Макиавелли: Так ты знаешь о будущей истории, Сократ? Расскажи, умоляю тебя!
Сократ: Я расскажу тебе лишь то, что поможет нам разобраться в сегодняшнем вопросе. Во второй половине XX века существовало государство, которое следовало твоему совету об образовании колоний или поселений на землях, отвоеванных у другого народа. Государство называлось Израиль. Оно было основано в 1948 году на землях, отобранных у арабского народа, называемого палестинцами. Впервые за 18 столетий евреи получили свое государство. Палестинцы при помощи могущественных арабских соседей, включая Египет, развязали три войны, чтобы вернуть эти земли. Вместо этого, они лишь уступили еще больше арабской земли Израилю. После каждой войны евреи строили свои поселения на завоеванных землях и заселяли их своими гражданами.
Макиавелли: Мудрая стратегия.
Сократ: Но она не сработала. Она постоянно десятилетиями провоцировала палестинцев и других арабов на насилие. Они даже становились смертниками-самоубийцами, лишь бы сеять страх и смерть среди евреев. И что бы ни предпринимали евреи – переговоры, компромиссы, возврат завоеванных земель, контратаки, рейды, репрессии – ничего не приводило к стабильности и миру. Когда у палестинцев не было оружия, они кидали камни в вооруженных израильских солдат.
Макиавелли: Евреи должны были ответить на жестокость еще большей жестокостью, если у них были военные ресурсы.
Сократ: Они так и сделали.
Макиавелли: Каков был результат?
Сократ: Насилие не прекратилось.
Макиавелли: Нужно было доводить до летального исхода. Мертвые не поднимают восстаний.
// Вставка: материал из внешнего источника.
lemma ideal_span_mult: "f \<in> ideal_span S \<Longrightarrow> q * f \<in> ideal_span S"
proof -
  assume "f \<in> ideal_span S"
  then obtain F r where F: "finite F" "F \<subseteq> S" and f: "f = (\<Sum>s\<in>F. r s * s)"
    unfolding ideal_span_def by blast
  have "q * f = (\<Sum>s\<in>F. (q * r s) * s)"
    unfolding f by (simp add: sum_distrib_left mult.assoc)
  then show ?thesis
    unfolding ideal_span_def using F by (intro CollectI exI[of _ F] exI[of _ "\<lambda>s. q * r s"]) simp
qed

lemma mon_add_in_ideal_span: "mon a \<in> ideal_span S \<Longrightarrow> mon (b + a) \<in> ideal_span S"
  by (simp add: mon_add ideal_span_mult)

lemma keys_mult_single:
  fixes r :: "('a::cancel_comm_monoid_add) \<Rightarrow>\<^sub>0 ('b::comm_semiring_1)"
  shows "Poly_Mapping.keys (r * Poly_Mapping.single u c) \<subseteq> (\<lambda>l. l + u) ` Poly_Mapping.keys r"
  using keys_mult[of r "Poly_Mapping.single u c"] by (auto split: if_splits)

lemma keys_ideal_span_mon:
  assumes "f \<in> ideal_span (mon ` T)" and "x \<in> Poly_Mapping.keys f"
  shows "\<exists>t\<in>T. \<exists>y. x = y + t"
proof -
  obtain F r where F: "F \<subseteq> mon ` T" and f: "f = (\<Sum>s\<in>F. r s * s)"
    using assms(1) unfolding ideal_span_def by blast
  obtain s where s: "s \<in> F" "x \<in> Poly_Mapping.keys (r s * s)"
    using assms(2) keys_sum[of "\<lambda>s. r s * s" F] unfolding f by blast
  then obtain t where "t \<in> T" "s = Poly_Mapping.single t 1"
    using F unfolding mon_def by blast
  with s keys_mult_single[of "r s" t 1] show ?thesis by blast
qed

lemma mon_in_ideal_span_mon_iff:
  "mon x \<in> ideal_span (mon ` T) \<longleftrightarrow> (\<exists>t\<in>T. \<exists>y. x = y + t)"
  using keys_ideal_span_mon[of "mon x" T x]
  by (auto intro: mon_add_in_ideal_span ideal_span_base)

lemma mon_key_in_monomial_ideal:
  assumes "monomial_ideal M" and "f \<in> M" and "x \<in> Poly_Mapping.keys f"
  shows "mon x \<in> M"
  using assms keys_ideal_span_mon mon_in_ideal_span_mon_iff
  unfolding monomial_ideal_def by metis

lemma wt_add: "wt w (a + b) = wt w a + wt w b"
  by (simp add: wt_def lookup_add sum.distrib algebra_simps)

lemma lookup_init_form:
  "Poly_Mapping.lookup (init_form w f) x =
    (if x \<in> Poly_Mapping.keys f \<and> wt w x = Max (wt w ` Poly_Mapping.keys f)
     then Poly_Mapping.lookup f x else 0)"
  unfolding init_form_def Let_def lookup_sum lookup_single when_def
  by (simp add: eq_commute)

lemma keys_init_form_subset: "Poly_Mapping.keys (init_form w f) \<subseteq> Poly_Mapping.keys f"
  by (auto simp: in_keys_iff lookup_init_form split: if_splits)

lemma init_form_nonzero:
  assumes "f \<noteq> 0"
  shows "init_form w f \<noteq> 0"
proof -
  have "Max (wt w ` Poly_Mapping.keys f) \<in> wt w ` Poly_Mapping.keys f"
    using assms by (intro Max_in) auto
  then obtain z where "z \<in> Poly_Mapping.keys f" "wt w z = Max (wt w ` Poly_Mapping.keys f)"
    by auto
  then have "Poly_Mapping.lookup (init_form w f) z \<noteq> 0"
    by (simp add: lookup_init_form in_keys_iff)
  then show ?thesis by auto
qed

lemma init_form_binomial_eq_mon:
  assumes "init_form w (mon a - mon b) = mon c"
  shows "c = a" and "wt w b < wt w a"
proof -
  let ?f = "mon a - mon b"
  have c: "Poly_Mapping.lookup (init_form w ?f) c = 1"
    and b: "Poly_Mapping.lookup (init_form w ?f) b = (if c = b then 1 else 0)"
    using assms by (simp_all add: lookup_mon)
  then have ab: "a \<noteq> b" by (auto simp: init_form_def)
  have keys: "Poly_Mapping.keys ?f = {a, b}"
    using ab by (auto simp: in_keys_iff lookup_minus lookup_mon split: if_splits)
  from c b show "c = a" and "wt w b < wt w a"
    using ab by (auto simp: lookup_init_form keys lookup_minus lookup_mon split: if_splits)
qed

lemma lookup_mult_mon_add:
  "Poly_Mapping.lookup (r * mon u) (l + u) = Poly_Mapping.lookup r l"
proof -
  have "Sum_any (\<lambda>q. (1::complex) when u = q when l + u = l' + q) = (1 when l' = l)" for l'
  proof -
    have "Sum_any (\<lambda>q. (1 when u = q) when l + u = l' + q)
        = Sum_any (\<lambda>q. (1 when l' = l) when u = q)"
      by (rule arg_cong[where f = Sum_any]) (auto simp: fun_eq_iff when_def)
    also have "\<dots> = (1 when l' = l)"
      by (rule Sum_any_when_equal')
    finally show ?thesis .
  qed
  then have "Poly_Mapping.lookup (r * mon u) (l + u)
      = Sum_any (\<lambda>l'. Poly_Mapping.lookup r l' * (1 when l' = l))"
    by (simp only: lookup_mult mon_def lookup_single)
  then show ?thesis
    by (simp add: mult_when)
qed

definition coeff_sum_of_degree :: "(('n \<Rightarrow>\<^sub>0 nat) \<Rightarrow> 'b) \<Rightarrow> 'b \<Rightarrow> 'n cpoly \<Rightarrow> complex" where
  "coeff_sum_of_degree deg b f =
     (\<Sum>x\<in>Poly_Mapping.keys f. if deg x = b then Poly_Mapping.lookup f x else 0)"

lemma coeff_sum_of_degree_superset:
  assumes "finite T" and "Poly_Mapping.keys f \<subseteq> T"
  shows "coeff_sum_of_degree deg b f = (\<Sum>x\<in>T. if deg x = b then Poly_Mapping.lookup f x else 0)"
  unfolding coeff_sum_of_degree_def using assms
  by (intro sum.mono_neutral_left) (auto simp: in_keys_iff)

lemma coeff_sum_of_degree_add:
  "coeff_sum_of_degree deg b (f + g) = coeff_sum_of_degree deg b f + coeff_sum_of_degree deg b g"
  using keys_add[of f g]
  by (simp add: coeff_sum_of_degree_superset[of "Poly_Mapping.keys f \<union> Poly_Mapping.keys g"]
      lookup_add sum.distrib[symmetric] if_distrib[of "\<lambda>x. x + _"] cong: if_cong)

lemma coeff_sum_of_degree_diff:
  "coeff_sum_of_degree deg b (f - g) = coeff_sum_of_degree deg b f - coeff_sum_of_degree deg b g"
  using keys_diff[of f g]
  by (auto simp: coeff_sum_of_degree_superset[of "Poly_Mapping.keys f \<union> Poly_Mapping.keys g"]
      lookup_minus sum_subtractf[symmetric] intro!: sum.cong)

lemma coeff_sum_of_degree_sum:
  "finite F \<Longrightarrow> coeff_sum_of_degree deg b (\<Sum>s\<in>F. h s) = (\<Sum>s\<in>F. coeff_sum_of_degree deg b (h s))"
  by (induction F rule: finite_induct)
    (simp add: coeff_sum_of_degree_def, simp add: coeff_sum_of_degree_add)

lemma coeff_sum_of_degree_mult_mon:
  "coeff_sum_of_degree deg b (r * mon u) = coeff_sum_of_degree (\<lambda>l. deg (l + u)) b r"
proof -
  have "coeff_sum_of_degree deg b (r * mon u) =
      (\<Sum>x\<in>(\<lambda>l. l + u) ` Poly_Mapping.keys r.
        if deg x = b then Poly_Mapping.lookup (r * mon u) x else 0)"
    by (rule coeff_sum_of_degree_superset)
      (auto simp: mon_def intro: keys_mult_single[THEN subsetD])
  also have "\<dots> = (\<Sum>l\<in>Poly_Mapping.keys r.
      if deg (l + u) = b then Poly_Mapping.lookup (r * mon u) (l + u) else 0)"
    by (subst sum.reindex) (auto simp: inj_on_def)
  also have "\<dots> = (\<Sum>l\<in>Poly_Mapping.keys r. if deg (l + u) = b then Poly_Mapping.lookup r l else 0)"
    by (simp only: lookup_mult_mon_add)
  finally show ?thesis
    by (simp only: coeff_sum_of_degree_def)
qed

lemma coeff_sum_of_degree_ideal_span_homogeneous_binomials:
  assumes deg_congruence: "\<And>l u u'. deg u = deg u' \<Longrightarrow> deg (l + u) = deg (l + u')"
    and "f \<in> ideal_span {mon u - mon u' | u u'. deg u = deg u'}"
  shows "coeff_sum_of_degree deg b f = 0"
proof -
  obtain F r where F: "finite F" "F \<subseteq> {mon u - mon u' | u u'. deg u = deg u'}"
    and f: "f = (\<Sum>s\<in>F. r s * s)"
    using assms(2) unfolding ideal_span_def by blast
  have "coeff_sum_of_degree deg b (r s * s) = 0" if s_in: "s \<in> F" for s
  proof -
    obtain u u' where s: "s = mon u - mon u'" and "deg u = deg u'"
      using F(2) s_in by auto
    then have "(\<lambda>l. deg (l + u)) = (\<lambda>l. deg (l + u'))"
      by (intro ext deg_congruence)
    moreover have "coeff_sum_of_degree deg b (r s * s) =
        coeff_sum_of_degree (\<lambda>l. deg (l + u)) b (r s)
        - coeff_sum_of_degree (\<lambda>l. deg (l + u')) b (r s)"
      by (simp only: s right_diff_distrib coeff_sum_of_degree_diff coeff_sum_of_degree_mult_mon)
    ultimately show ?thesis
      by (metis diff_self)
  qed
  then show ?thesis
    by (simp add: f coeff_sum_of_degree_sum F)
qed
lemma generic_invariants:
  assumes alg: "alg_closed_field TYPE('k::field)" and n2: "CARD('n::finite) \<ge> 2"
  shows "\<exists>(f :: nat \<Rightarrow> (('k,'n) tensor \<Rightarrow> 'k) \<times> (('k,'n) tensor \<Rightarrow> 'k))
        (h :: nat \<Rightarrow> ('k,'n) tensor \<Rightarrow> 'k) (K :: nat).
        let N = CARD('n)^3 - CARD('n)^2;
            U = {m. \<forall>j<K. h j m \<noteq> 0};
            val = (\<lambda>m i. fst (f i) m / snd (f i) m)
        in
        (\<forall>i<N. is_ratfun (f i) \<and> invariant_ratfun (f i)) \<and>
        (\<forall>P. poly_fun {..<N} P \<and> (\<exists>x. P x \<noteq> 0) \<longrightarrow>
             (\<exists>m. (\<forall>i<N. snd (f i) m \<noteq> 0) \<and> P (val m) \<noteq> 0)) \<and>
        (\<forall>j<K. poly_fun UNIV (h j) \<and> \<not> (\<exists>c. \<forall>m. h j m = c)) \<and>
        (\<forall>i<N. \<forall>m\<in>U. snd (f i) m \<noteq> 0) \<and>
        (\<forall>a\<in>U. \<forall>b\<in>U. orbit a = orbit b \<longleftrightarrow> (\<forall>i<N. val a i = val b i)) \<and>
        (\<forall>r. is_ratfun r \<and> invariant_ratfun r \<longrightarrow>
           (\<exists>A B. poly_fun {..<N} A \<and> poly_fun {..<N} B \<and>
              (\<exists>m. (\<forall>i<N. snd (f i) m \<noteq> 0) \<and> B (val m) \<noteq> 0) \<and>
              (\<forall>m. (\<forall>i<N. snd (f i) m \<noteq> 0) \<longrightarrow>
                   fst r m * B (val m) = snd r m * A (val m))))"
proof -
  define N where "N = CARD('n)^3 - CARD('n)^2"
  obtain coord D num ex where "invariant_coordinates N coord (D :: ('k,'n) tensor \<Rightarrow> 'k) num ex"
    using invariant_coordinates_exist[OF n2] unfolding N_def by blast
  then interpret invariant_coordinates N coord D num ex .
  have inf: "infinite (UNIV :: 'k set)" by (rule alg_closed_field_infinite[OF alg])
  have val: "(\<lambda>i. fst (invariant i) m / snd (invariant i) m) = inv_values m" for m
    by (simp add: inv_values_def fun_eq_iff)
  show ?thesis
    apply (intro exI[of _ invariant] exI[of _ "\<lambda>_. D"] exI[of _ 1])
    apply (simp only: Let_def N_def[symmetric] val invariant_denoms_nonzero_iff)
    using invariant_is_ratfun invariant_ratfun_invariant inv_values_alg_indep[OF inf]
      poly_fun_D D_nonconstant invariant_denom_nonzero_iff orbit_eq_iff_inv_values
      invariant_ratfun_in_inv_values[OF inf]
    by auto
qed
Сократ: Они и довели до летального исхода.
Макиавелли: Что? Арабские духи восстали из могил? Мертвые смогли отомстить?
Сократ: Нет. Отомстили живые. Потому что у них была связь с мёртвыми. Возможно, это тот факт о человеческой природе, который ты не заметил, когда писал «все же прочие останутся в стороне и поэтому скоро успокоятся, да, кроме того, побоятся, оказав непослушание, разделить участь разоренных соседей».
Макиавелли: Какой же факт ты имеешь в виду?
Сократ: У него много названий. «Солидарность». «Сотрудничество». «Преданность». Или ты считаешь, что эти слова не имеют никакого отношения к человеческой природе?
Макиавелли: Это всё идеалы. Они могли и влиять на некоторых людей в некоторые времена и в некоторых обстоятельствах, подобно созерцанию шедевров или моральному воодушевлению. Но желание избежать боли и болезненной смерти движет всеми людьми во все времена, потому что они влияют на них не так, как идеи, которые еще нужно сделать реальными, а как уже реально существующие стимулы внутри их природы.
Сократ: То есть, пользуясь терминами, которые ввелмой «внук» по философии Аристотель, моральные идеи движут человеком как конечные причины, но не как действующая причина. Ты это хотел сказать?
Макиавелли: Точно!
Сократ: То есть если говорить только о природе человека, о его чистой природе, о состояниях, когда поведение человека определяется только тем, что уже существует в его природе, каждый человек эгоистичен и стремится к соперничеству?
Макиавелли: Конечно.
Сократ: То есть природное состояние – это состояние войны?
Макиавелли: Точно! Почему, как ты думаешь, все люди во все времена истории воевали? Очевидно, что это заложено в самой их природе.
Сократ: Но люди во все времена также и сотрудничали друг с другом, формировали сообщества и создавали законы. Почему и это не признать частью их природы?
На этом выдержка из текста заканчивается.